• _Data supplied_

^^^^^^^^

lemma path_valley:
  assumes U: "is_path F U" and reach: "(adj F)\<^sup>*\<^sup>* r (hd U)"
    and root_sorted: "\<forall>p. is_path F p \<and> hd p = r \<longrightarrow> sorted_wrt (<) p"
  obtains j where "j < length U" "sorted_wrt (>) (take (Suc j) U)" "sorted_wrt (<) (drop j U)"
proof -
  obtain p where p: "is_path F p" "hd p = r" "last p = hd U"
    using rtranclp_adj_imp_path[OF reach] by blast
  define Q where "Q = takeWhile (\<lambda>v. v \<notin> set U) p"
  define D where "D = dropWhile (\<lambda>v. v \<notin> set U) p"
  have p_split: "p = Q @ D" by (simp add: Q_def D_def)
  have "U \<noteq> []" "p \<noteq> []" using U p(1) by (simp_all add: is_path_def)
  then have "last p \<in> set U" using p(3) by simp
  then have "D \<noteq> []" unfolding D_def dropWhile_eq_Nil_conv using \<open>p \<noteq> []\<close> by auto
  have Q_U: "set Q \<inter> set U = {}" by (auto simp: Q_def dest: set_takeWhileD)
  have "hd D \<in> set U" using hd_dropWhile[of "\<lambda>v. v \<notin> set U" p] \<open>D \<noteq> []\<close> unfolding D_def by blast
  have sorted_from_junction: "sorted_wrt (<) R"
    if R: "is_path F R" "hd R = hd D" "set R \<subseteq> set U" for R
  proof -
    have "distinct (Q @ D)" "successively (adj F) (Q @ D)"
      using p(1) unfolding p_split is_path_iff by simp_all
    then have "is_path F (Q @ R)"
      using R Q_U \<open>D \<noteq> []\<close> unfolding is_path_iff by (auto simp: successively_append_iff)
    moreover have "hd (Q @ R) = r"
      using p(2) R(2) unfolding p_split by (simp add: hd_append split: if_split_asm)
    ultimately have "sorted_wrt (<) (Q @ R)" using root_sorted by blast
    then show ?thesis by (simp add: sorted_wrt_append)
  qed
  obtain j where j: "j < length U" "U ! j = hd D"
    using \<open>hd D \<in> set U\<close> by (metis in_set_conv_nth)
  have "is_path F (drop j U)"
    using U j(1) is_path_appendD(2)[of F "take j U" "drop j U"] by simp
  then have rising: "sorted_wrt (<) (drop j U)"
    using j by (intro sorted_from_junction) (simp_all add: hd_drop_conv_nth set_drop_subset)
  have "is_path F (rev (take (Suc j) U))"
    using U \<open>U \<noteq> []\<close> is_path_appendD(1)[of F "take (Suc j) U" "drop (Suc j) U"] by simp
  then have "sorted_wrt (<) (rev (take (Suc j) U))"
    using j \<open>hd D \<in> set U\<close>
    by (intro sorted_from_junction) (simp_all add: take_Suc_conv_app_nth set_take_subset)
  then show ?thesis using that j(1) rising by (simp add: sorted_wrt_rev)
qed
lemma loop_param_bounds: "-1 < loop_param a t" "loop_param a t < 1"
  and loop_time_loop_param: "loop_time a (loop_param a t) = t"
  using inv_into_into[of t "loop_time a" "{-1<..<1}"] f_inv_into_f[of t "loop_time a" "{-1<..<1}"]
  by (auto simp: loop_param_def loop_time_image)

lemma loop_param_loop_time: "-1 < v \<Longrightarrow> v < 1 \<Longrightarrow> loop_param a (loop_time a v) = v"
  unfolding loop_param_def using inv_into_f_f[OF inj_on_loop_time] by auto

lemma loop_param_0: "loop_param a 0 = 0"
  using loop_param_loop_time[of 0] by (simp add: loop_time_def)

lemma strict_mono_loop_param: "strict_mono (loop_param a)"
proof (rule strict_monoI)
  fix s t :: real assume "s < t"
  show "loop_param a s < loop_param a t"
  proof (rule ccontr)
    assume "\<not> ?thesis"
    then have "loop_time a (loop_param a t) \<le> loop_time a (loop_param a s)"
      using loop_param_bounds by (intro strict_mono_on_leD[OF loop_time_strict_mono_on]) auto
    with \<open>s < t\<close> show False by (simp add: loop_time_loop_param)
  qed
qed

lemma isCont_loop_param: "isCont (loop_param a) t"
proof -
  define w where "w = loop_param a t"
  have w: "-1 < w" "w < 1" using loop_param_bounds by (auto simp: w_def)
  define d where "d = min (w + 1) (1 - w) / 2"
  have "0 < d" using w by (auto simp: d_def)
  moreover have "-1 < z \<and> z < 1" if "\<bar>z - w\<bar> \<le> d" for z
  proof -
    have "z - w \<le> d" "w - z \<le> d" using that by (auto simp: abs_le_iff)
    moreover have "d \<le> (w + 1) / 2" "d \<le> (1 - w) / 2" by (auto simp: d_def)
    ultimately show ?thesis using w by auto
  qed
  ultimately have "isCont (loop_param a) (loop_time a w)"
    by (intro isCont_inverse_function[where f = "loop_time a"])
       (auto simp: loop_param_loop_time abs_less_iff intro!: isCont_loop_time)
  then show ?thesis by (simp add: w_def loop_time_loop_param)
qed

lemma loop_param_has_real_derivative:
  "(loop_param a has_real_derivative loop_speed a (loop_param a t)) (at t)"
proof -
  have v: "\<bar>loop_param a t\<bar> < 1" using loop_param_bounds[of t] by auto
  have "(loop_param a has_real_derivative inverse (inverse (loop_speed a (loop_param a t)))) (at t)"
    using loop_speed_pos[OF v]
    by (intro DERIV_inverse_function[where f = "loop_time a" and a = "t - 1" and b = "t + 1"]
          loop_time_has_real_derivative v)
       (auto simp: loop_time_loop_param isCont_loop_param)
  then show ?thesis by simp
qed

lemma loop_param_tendsto_at_top: "(loop_param a \<longlongrightarrow> 1) at_top"
proof (rule order_tendstoI)
  fix y :: real assume "y < 1"
  define z where "z = max y 0"
  have z: "-1 < z" "z < 1" "y \<le> z" using \<open>y < 1\<close> by (auto simp: z_def)
  have "y < loop_param a s" if "loop_time a z < s" for s
    using strict_monoD[OF strict_mono_loop_param that] z by (simp add: loop_param_loop_time)
  then show "\<forall>\<^sub>F s in at_top. y < loop_param a s"
    by (auto simp: eventually_at_top_dense)
next
  fix y :: real assume "1 < y"
  then show "\<forall>\<^sub>F s in at_top. loop_param a s < y"
    using loop_param_bounds(2) less_trans by (intro always_eventually) blast
qed

lemma loop_param_tendsto_at_bot: "(loop_param a \<longlongrightarrow> -1) at_bot"
proof (rule order_tendstoI)
  fix y :: real assume "-1 < y"
  define z where "z = min y 0"
  have z: "-1 < z" "z < 1" "z \<le> y" using \<open>-1 < y\<close> by (auto simp: z_def)
  have "loop_param a s < y" if "s < loop_time a z" for s
    using strict_monoD[OF strict_mono_loop_param that] z by (simp add: loop_param_loop_time)
  then show "\<forall>\<^sub>F s in at_bot. loop_param a s < y"
    by (auto simp: eventually_at_bot_dense)
next
  fix y :: real assume "y < -1"
  then show "\<forall>\<^sub>F s in at_bot. y < loop_param a s"
    using loop_param_bounds(1) less_trans by (intro always_eventually) blast
qed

^^^^^^^^

• _Your goal_
Could you reproduce the data above exactly as given?

• _Completed task_
lemma path_valley:
  assumes U: "is_path F U" and reach: "(adj F)\<^sup>*\<^sup>* r (hd U)"
    and root_sorted: "\<forall>p. is_path F p \<and> hd p = r \<longrightarrow> sorted_wrt (<) p"
  obtains j where "j < length U" "sorted_wrt (>) (take (Suc j) U)" "sorted_wrt (<) (drop j U)"
proof -
  obtain p where p: "is_path F p" "hd p = r" "last p = hd U"
    using rtranclp_adj_imp_path[OF reach] by blast
  define Q where "Q = takeWhile (\<lambda>v. v \<notin> set U) p"
  define D where "D = dropWhile (\<lambda>v. v \<notin> set U) p"
  have p_split: "p = Q @ D" by (simp add: Q_def D_def)
  have "U \<noteq> []" "p \<noteq> []" using U p(1) by (simp_all add: is_path_def)
  then have "last p \<in> set U" using p(3) by simp
  then have "D \<noteq> []" unfolding D_def dropWhile_eq_Nil_conv using \<open>p \<noteq> []\<close> by auto
  have Q_U: "set Q \<inter> set U = {}" by (auto simp: Q_def dest: set_takeWhileD)
  have "hd D \<in> set U" using hd_dropWhile[of "\<lambda>v. v \<notin> set U" p] \<open>D \<noteq> []\<close> unfolding D_def by blast
  have sorted_from_junction: "sorted_wrt (<) R"
    if R: "is_path F R" "hd R = hd D" "set R \<subseteq> set U" for R
  proof -
    have "distinct (Q @ D)" "successively (adj F) (Q @ D)"
      using p(1) unfolding p_split is_path_iff by simp_all
    then have "is_path F (Q @ R)"
      using R Q_U \<open>D \<noteq> []\<close> unfolding is_path_iff by (auto simp: successively_append_iff)
    moreover have "hd (Q @ R) = r"
      using p(2) R(2) unfolding p_split by (simp add: hd_append split: if_split_asm)
    ultimately have "sorted_wrt (<) (Q @ R)" using root_sorted by blast
    then show ?thesis by (simp add: sorted_wrt_append)
  qed
  obtain j where j: "j < length U" "U ! j = hd D"
    using \<open>hd D \<in> set U\<close> by (metis in_set_conv_nth)
  have "is_path F (drop j U)"
    using U j(1) is_path_appendD(2)[of F "take j U" "drop j U"] by simp
  then have rising: "sorted_wrt (<) (drop j U)"
    using j by (intro sorted_from_junction) (simp_all add: hd_drop_conv_nth set_drop_subset)
  have "is_path F (rev (take (Suc j) U))"
    using U \<open>U \<noteq> []\<close> is_path_appendD(1)[of F "take (Suc j) U" "drop (Suc j) U"] by simp
  then have "sorted_wrt (<) (rev (take (Suc j) U))"
    using j \<open>hd D \<in> set U\<close>
    by (intro sorted_from_junction) (simp_all add: take_Suc_conv_app_nth set_take_subset)
  then show ?thesis using that j(1) rising by (simp add: sorted_wrt_rev)
qed
lemma loop_param_bounds: "-1 < loop_param a t" "loop_param a t < 1"
  and loop_time_loop_param: "loop_time a (loop_param a t) = t"
  using inv_into_into[of t "loop_time a" "{-1<..<1}"] f_inv_into_f[of t "loop_time a" "{-1<..<1}"]
  by (auto simp: loop_param_def loop_time_image)

lemma loop_param_loop_time: "-1 < v \<Longrightarrow> v < 1 \<Longrightarrow> loop_param a (loop_time a v) = v"
  unfolding loop_param_def using inv_into_f_f[OF inj_on_loop_time] by auto

lemma loop_param_0: "loop_param a 0 = 0"
  using loop_param_loop_time[of 0] by (simp add: loop_time_def)

lemma strict_mono_loop_param: "strict_mono (loop_param a)"
proof (rule strict_monoI)
  fix s t :: real assume "s < t"
  show "loop_param a s < loop_param a t"
  proof (rule ccontr)
    assume "\<not> ?thesis"
    then have "loop_time a (loop_param a t) \<le> loop_time a (loop_param a s)"
      using loop_param_bounds by (intro strict_mono_on_leD[OF loop_time_strict_mono_on]) auto
    with \<open>s < t\<close> show False by (simp add: loop_time_loop_param)
  qed
qed

lemma isCont_loop_param: "isCont (loop_param a) t"
proof -
  define w where "w = loop_param a t"
  have w: "-1 < w" "w < 1" using loop_param_bounds by (auto simp: w_def)
  define d where "d = min (w + 1) (1 - w) / 2"
  have "0 < d" using w by (auto simp: d_def)
  moreover have "-1 < z \<and> z < 1" if "\<bar>z - w\<bar> \<le> d" for z
  proof -
    have "z - w \<le> d" "w - z \<le> d" using that by (auto simp: abs_le_iff)
    moreover have "d \<le> (w + 1) / 2" "d \<le> (1 - w) / 2" by (auto simp: d_def)
    ultimately show ?thesis using w by auto
  qed
  ultimately have "isCont (loop_param a) (loop_time a w)"
    by (intro isCont_inverse_function[where f = "loop_time a"])
       (auto simp: loop_param_loop_time abs_less_iff intro!: isCont_loop_time)
  then show ?thesis by (simp add: w_def loop_time_loop_param)
qed

lemma loop_param_has_real_derivative:
  "(loop_param a has_real_derivative loop_speed a (loop_param a t)) (at t)"
proof -
  have v: "\<bar>loop_param a t\<bar> < 1" using loop_param_bounds[of t] by auto
  have "(loop_param a has_real_derivative inverse (inverse (loop_speed a (loop_param a t)))) (at t)"
    using loop_speed_pos[OF v]
    by (intro DERIV_inverse_function[where f = "loop_time a" and a = "t - 1" and b = "t + 1"]
          loop_time_has_real_derivative v)
       (auto simp: loop_time_loop_param isCont_loop_param)
  then show ?thesis by simp
qed

lemma loop_param_tendsto_at_top: "(loop_param a \<longlongrightarrow> 1) at_top"
proof (rule order_tendstoI)
  fix y :: real assume "y < 1"
  define z where "z = max y 0"
  have z: "-1 < z" "z < 1" "y \<le> z" using \<open>y < 1\<close> by (auto simp: z_def)
  have "y < loop_param a s" if "loop_time a z < s" for s
    using strict_monoD[OF strict_mono_loop_param that] z by (simp add: loop_param_loop_time)
  then show "\<forall>\<^sub>F s in at_top. y < loop_param a s"
    by (auto simp: eventually_at_top_dense)
next
  fix y :: real assume "1 < y"
  then show "\<forall>\<^sub>F s in at_top. loop_param a s < y"
    using loop_param_bounds(2) less_trans by (intro always_eventually) blast
qed

lemma loop_param_tendsto_at_bot: "(loop_param a \<longlongrightarrow> -1) at_bot"
proof (rule order_tendstoI)
  fix y :: real assume "-1 < y"
  define z where "z = min y 0"
  have z: "-1 < z" "z < 1" "z \<le> y" using \<open>-1 < y\<close> by (auto simp: z_def)
  have "loop_param a s < y" if "s < loop_time a z" for s
    using strict_monoD[OF strict_mono_loop_param that] z by (simp add: loop_param_loop_time)
  then show "\<forall>\<^sub>F s in at_bot. loop_param a s < y"
    by (auto simp: eventually_at_bot_dense)
next
  fix y :: real assume "y < -1"
  then show "\<forall>\<^sub>F s in at_bot. y < loop_param a s"
    using loop_param_bounds(1) less_trans by (intro always_eventually) blast
qed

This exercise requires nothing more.